Task item
From the records below, set down exactly the lines starting with the line that contains "v \<Longrightarrow> R" and going on through the line that contains "using K that by simp". Nothing else is wanted.

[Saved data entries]
lemma integral_ge_number_of_blocks:
  fixes q :: "real \<Rightarrow> real"
  assumes q_nonneg: "\<forall>x. 0 \<le> q x" and q_int: "\<And>a b. q integrable_on {a..b}"
    and \<delta>: "0 \<le> \<delta>" and window: "\<And>x. R \<le> \<bar>x\<bar> \<Longrightarrow> 1 \<le> integral {x - \<delta>..x + \<delta>} q"
  shows "R \<le> u \<or> u + 2 * \<delta> * real n \<le> -R \<Longrightarrow> real n \<le> integral {u..u + 2 * \<delta> * real n} q"
proof (induction n)
  case (Suc n)
  define c where "c = u + 2 * \<delta> * real n + \<delta>"
  have step: "2 * \<delta> * real (Suc n) = 2 * \<delta> * real n + 2 * \<delta>" "0 \<le> 2 * \<delta> * real n"
    using \<delta> by (simp_all add: algebra_simps)
  have "R \<le> u \<or> u + 2 * \<delta> * real n \<le> -R"
    using Suc.prems step \<delta> by linarith
  then have "real n \<le> integral {u..u + 2 * \<delta> * real n} q"
    by (rule Suc.IH)
  moreover have "R \<le> c \<or> c \<le> -R"
    using Suc.prems step \<delta> unfolding c_def by linarith
  then have "R \<le> \<bar>c\<bar>"
    by linarith
  then have "1 \<le> integral {c - \<delta>..c + \<delta>} q"
    by (rule window)
  moreover have "integral {u..u + 2 * \<delta> * real n} q + integral {c - \<delta>..c + \<delta>} q
      = integral {u..u + 2 * \<delta> * real (Suc n)} q"
    using Henstock_Kurzweil_Integration.integral_combine[OF _ _ q_int] step \<delta>
    unfolding c_def by (simp add: algebra_simps)
  ultimately show ?case
    by simp
qed simp

lemma integral_ge_linear_one_side:
  fixes q :: "real \<Rightarrow> real"
  assumes q_nonneg: "\<forall>x. 0 \<le> q x" and q_int: "\<And>a b. q integrable_on {a..b}"
    and \<delta>: "0 < \<delta>" and window: "\<And>x. R \<le> \<bar>x\<bar> \<Longrightarrow> 1 \<le> integral {x - \<delta>..x + \<delta>} q"
    and uv: "u \<le> v" "R \<le> u \<or> v \<le> -R"
  shows "(v - u) / (2 * \<delta>) - 1 \<le> integral {u..v} q"
proof -
  define n where "n = nat \<lfloor>(v - u) / (2 * \<delta>)\<rfloor>"
  have "real n = of_int \<lfloor>(v - u) / (2 * \<delta>)\<rfloor>"
    using uv \<delta> unfolding n_def by simp
  then have n: "real n \<le> (v - u) / (2 * \<delta>)" "(v - u) / (2 * \<delta>) < real n + 1"
    by linarith+
  then have n_le: "2 * \<delta> * real n \<le> v - u"
    using \<delta> by (simp add: field_simps)
  have "real n \<le> integral {u..u + 2 * \<delta> * real n} q"
    by (rule integral_ge_number_of_blocks[OF q_nonneg q_int _ window]) (use \<delta> uv n_le in auto)
  also have "\<dots> \<le> integral {u..v} q"
    by (rule integral_subset_le) (use n_le q_int q_nonneg in auto)
  finally show ?thesis
    using n by linarith
qed

text \<open>Slope 2K on both sides of [-R, R] pays for the gap of length 2R; this is where the
  threshold 3R + 1/K comes from.\<close>

lemma integral_ge_linear:
  fixes q :: "real \<Rightarrow> real"
  assumes q_nonneg: "\<forall>x. 0 \<le> q x" and q_int: "\<And>a b. q integrable_on {a..b}"
    and K: "0 < K" and R: "0 \<le> R"
    and one_side: "\<And>u v. u \<le> v \<Longrightarrow> R \<le> u \<or> v \<le> -R \<Longrightarrow> 2 * K * (v - u) - 1 \<le> integral {u..v} q"
    and x: "3 * R + 1 / K \<le> \<bar>x\<bar>" and T: "x \<le> T"
  shows "K * (T - x) - 1 \<le> integral {x..T} q"
proof -
  have nonneg: "0 \<le> integral {a..b} q" for a b
    using q_nonneg q_int by (intro integral_nonneg) auto
  have combine: "integral {a..c} q + integral {c..b} q = integral {a..b} q" if "a \<le> c" "c \<le> b" for a b c
    using Henstock_Kurzweil_Integration.integral_combine[OF that q_int] .
  have K_mono: "K * a \<le> K * b" if "a \<le> b" for a b
    using K that by simp
  have "0 < 1 / K" and K_inv: "K * (1 / K) = 1"
    using K by auto
  consider "R \<le> x" | "T \<le> -R" | "x \<le> -R" "-R \<le> T" "T \<le> R" | "x \<le> -R" "R \<le> T"
    using x R \<open>0 < 1 / K\<close> by linarith
  then show ?thesis
  proof cases
    case 3
    have "\<bar>x\<bar> = -x"
      using 3 R by simp
    then have "T - x \<le> 2 * (-R - x)"
      using 3 x \<open>0 < 1 / K\<close> by argo
    then have "K * (T - x) \<le> K * (2 * (-R - x))"
      by (rule K_mono)
    then have "K * (T - x) - 1 \<le> 2 * K * (-R - x) - 1"
      by (simp add: algebra_simps)
    also have "\<dots> \<le> integral {x..-R} q"
      using one_side[of x "-R"] 3 by simp
    also have "\<dots> \<le> integral {x..T} q"
      using combine[of x "-R" T] nonneg[of "-R" T] 3 by linarith
    finally show ?thesis .
  next
    case 4
    have "\<bar>x\<bar> = -x"
      using 4 R by simp
    then have "4 * R + 1 / K \<le> T - x"
      using 4 x by linarith
    then have "K * (4 * R + 1 / K) \<le> K * (T - x)"
      by (rule K_mono)
    then have "4 * K * R + 1 \<le> K * (T - x)"
      using K_inv by (simp add: algebra_simps)
    then have "K * (T - x) - 1 \<le> 2 * K * (-R - x) - 1 + (2 * K * (T - R) - 1)"
      by (simp add: algebra_simps)
    also have "\<dots> \<le> integral {x..-R} q + integral {R..T} q"
      using one_side[of x "-R"] one_side[of R T] 4 R by simp
    also have "\<dots> \<le> integral {x..T} q"
      using combine[of x "-R" T] combine[of "-R" R T] nonneg[of "-R" R] 4 R by linarith
    finally show ?thesis .
  qed (use one_side[OF T] K_mono[of 0 "T - x"] T in force)+
qed

lemma integral_ge_linear_far_out:
  fixes q :: "real \<Rightarrow> real"
  assumes q_nonneg: "\<forall>x. 0 \<le> q x" and q_loc: "loc_int q"
    and windows: "\<And>\<delta>. 0 < \<delta> \<Longrightarrow> eventually (\<lambda>x. 1 \<le> integral {x - \<delta>..x + \<delta>} q) at_infinity"
    and K: "0 < K"
  shows "\<exists>x0. \<forall>x T. x0 \<le> \<bar>x\<bar> \<longrightarrow> x \<le> T \<longrightarrow> K * (T - x) - 1 \<le> integral {x..T} q"
proof -
  note q_int = loc_int_integrable_on(1)[OF q_loc]
  define \<delta> where "\<delta> = 1 / (4 * K)"
  have \<delta>: "0 < \<delta>" "\<And>a. a / (2 * \<delta>) = 2 * K * a"
    using K by (simp_all add: \<delta>_def field_simps)
  obtain R0 where R0: "\<And>x. R0 \<le> \<bar>x\<bar> \<Longrightarrow> 1 \<le> integral {x - \<delta>..x + \<delta>} q"
    using windows[OF \<delta>(1)] unfolding eventually_at_infinity real_norm_def by blast
  define R where "R = max R0 0"
  have window: "1 \<le> integral {x - \<delta>..x + \<delta>} q" if "R \<le> \<bar>x\<bar>" for x
    using R0 that unfolding R_def by simp
  have one_side: "2 * K * (v - u) - 1 \<le> integral {u..v} q" if "u \<le> v" "R \<le> u \<or> v \<le> -R" for u v
    using integral_ge_linear_one_side[OF q_nonneg q_int \<delta>(1) window that] \<delta>(2) by simp
  have "0 \<le> R"
    by (simp add: R_def)
  then show ?thesis
    using integral_ge_linear[OF q_nonneg q_int K _ one_side] by blast
qed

Result for this task
    and one_side: "\<And>u v. u \<le> v \<Longrightarrow> R \<le> u \<or> v \<le> -R \<Longrightarrow> 2 * K * (v - u) - 1 \<le> integral {u..v} q"
    and x: "3 * R + 1 / K \<le> \<bar>x\<bar>" and T: "x \<le> T"
  shows "K * (T - x) - 1 \<le> integral {x..T} q"
proof -
  have nonneg: "0 \<le> integral {a..b} q" for a b
    using q_nonneg q_int by (intro integral_nonneg) auto
  have combine: "integral {a..c} q + integral {c..b} q = integral {a..b} q" if "a \<le> c" "c \<le> b" for a b c
    using Henstock_Kurzweil_Integration.integral_combine[OF that q_int] .
  have K_mono: "K * a \<le> K * b" if "a \<le> b" for a b
    using K that by simp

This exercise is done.